The result of this is that we get 7 points on the resulting polynomial. Since we know what points we evaluated and the result of those evaluations we can find the coefficients of the resulting polynomial (thus finding the resulting polynomial). This can be done by using gaussian elimination or in this case by using the fact that the point evaluation is invertible (due to the fact we chose our points to have an invertible matrix). This step is called interpolation. The resulting polynomial of Toom-Cook has 1024 coefficients but is mapped to 512 coefficients.

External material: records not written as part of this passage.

(* Let $d\ge 2$ and let $D\subset T_d$ be a domain with $|D|\ge 2$. Then $D$ is isoperimetrically optimal, i.e. $|\partial D|=I_d(|D|)$, if and only if $\tau(D)\le d-2$.
   Context: $T_d$ is the $d$-regular tree (connected, acyclic, every vertex of degree $d$). A domain is a finite nonempty connected set $D$ of vertices of $T_d$, identified with its induced subgraph. For $x\in D$, $\deg_D(x)$ is the number of neighbours of $x$ lying in $D$. The (inner vertex) boundary is $\partial D=\{x\in D:\deg_D(x)<d\}$. For $k\ge1$, $I_d(k)=\min\{|\partial D| : D\subset T_d \text{ a domain with } |D|=k\}$. For a domain with $|D|\ge 2$, the boundary branching excess is $\tau(D)=\sum_{x\in\partial D}(\deg_D(x)-1)$. *)

theory Defs
  imports Main
begin

text \<open>Concrete model of the d-regular tree T_d: vertices are lists of naturals
  (words); the root is the empty list, it has children [i] for i < d, and every
  other vertex xs has children xs @ [i] for i < d - 1. Edges join a vertex to
  its children. For d \<ge> 2 every vertex has degree exactly d.\<close>

definition tree_vert :: "nat \<Rightarrow> nat list \<Rightarrow> bool" where
  "tree_vert d xs \<longleftrightarrow> (\<forall>i < length xs. xs ! i < (if i = 0 then d else d - 1))"

definition tree_adj :: "nat \<Rightarrow> nat list \<Rightarrow> nat list \<Rightarrow> bool" where
  "tree_adj d x y \<longleftrightarrow> tree_vert d x \<and> tree_vert d y \<and>
     ((\<exists>i. y = x @ [i]) \<or> (\<exists>i. x = y @ [i]))"

definition induced_connected :: "nat \<Rightarrow> nat list set \<Rightarrow> bool" where
  "induced_connected d D \<longleftrightarrow>
     (\<forall>x\<in>D. \<forall>y\<in>D. (x, y) \<in> {(u, v). u \<in> D \<and> v \<in> D \<and> tree_adj d u v}\<^sup>*)"

definition domain :: "nat \<Rightarrow> nat list set \<Rightarrow> bool" where
  "domain d D \<longleftrightarrow> finite D \<and> D \<noteq> {} \<and> (\<forall>x\<in>D. tree_vert d x) \<and> induced_connected d D"

definition degD :: "nat \<Rightarrow> nat list set \<Rightarrow> nat list \<Rightarrow> nat" where
  "degD d D x = card {y \<in> D. tree_adj d x y}"

definition boundary :: "nat \<Rightarrow> nat list set \<Rightarrow> nat list set" where
  "boundary d D = {x \<in> D. degD d D x < d}"

definition isoI :: "nat \<Rightarrow> nat \<Rightarrow> nat" where
  "isoI d k = Min {card (boundary d D) | D. domain d D \<and> card D = k}"

definition tau :: "nat \<Rightarrow> nat list set \<Rightarrow> int" where
  "tau d D = (\<Sum>x\<in>boundary d D. int (degD d D x) - 1)"

end

(* Counting degrees in the tree D (they sum to 2|D| - 2, and interior vertices have degree d)
   gives (d - 1) |bd D| = tau D + (d - 2) |D| + 2.  So among domains of one size, boundary sizes
   differ by the difference of tau divided by d - 1, and tau D >= 0 once |D| >= 2.  Growing a
   domain vertex by vertex, always attaching the new leaf to one boundary vertex until it is full,
   gives domains of every size whose boundary is all leaves but one vertex, so tau <= d - 2; hence
   optimal domains have tau <= d - 2.  Conversely, if tau D <= d - 2 then no domain of the same
   size can have a smaller boundary, as that would need a tau smaller by at least d - 1. *)

theory Submission
  imports Defs "HOL-Library.Sublist"
begin

abbreviation induced_edges :: "nat \<Rightarrow> nat list set \<Rightarrow> (nat list \<times> nat list) set" where
  "induced_edges d D \<equiv> {(u, v). u \<in> D \<and> v \<in> D \<and> tree_adj d u v}"

lemma tree_adj_sym: "tree_adj d x y \<Longrightarrow> tree_adj d y x"
  unfolding tree_adj_def by blast

lemma tree_adj_irrefl: "\<not> tree_adj d x x"
  unfolding tree_adj_def by auto

lemma tree_vert_snoc:
  "tree_vert d (x @ [i]) \<longleftrightarrow> tree_vert d x \<and> i < (if x = [] then d else d - 1)"
  unfolding tree_vert_def by (auto simp: nth_append less_Suc_eq split: if_splits)

lemma tree_vert_butlast: "tree_vert d x \<Longrightarrow> tree_vert d (butlast x)"
  unfolding tree_vert_def by (auto simp: nth_butlast)

lemma tree_vert_single: "tree_vert d [i] \<longleftrightarrow> i < d"
  using tree_vert_snoc[of d "[]" i] by (simp add: tree_vert_def)

lemma tree_neighbours:
  assumes "tree_vert d x"
  shows "{y. tree_adj d x y} =
    (\<lambda>i. x @ [i]) ` {..<(if x = [] then d else d - 1)} \<union> (if x = [] then {} else {butlast x})"
proof -
  have "tree_adj d x (butlast x)" if "x \<noteq> []"
    using that assms tree_vert_butlast[OF assms] append_butlast_last_id[OF that, symmetric]
    unfolding tree_adj_def by blast
  then show ?thesis
    using assms unfolding tree_adj_def by (auto simp: tree_vert_snoc tree_vert_single)
qed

During all of these steps we account for the fact that we're actually working with 509 coefficients and not 512.

The code can be improved a little bit in some places but is already so incredibly complex that I've left it out (for now).

Results: On an Intel i5-8250u using gcc 8.3.0 the reference poly_Rq_mul takes about 285000 cycles on average whereas the avx2 version takes about 3600 cycles on average.

This is about an 80 times speedup. I expect comparable speedups on other AVX2 capable processors.

OussamaDanba commented 5 years ago

I decided not to share code with the avx2-hrss701 version due to there being some important differences (no partial coefficient blocks in this version) and putting it all in one shared python file would make it even harder to follow the code.

The other functions (squaring, inversions, other muls, crypto_sort?) will come soon and hopefully shouldn't take nearly as long/as much code.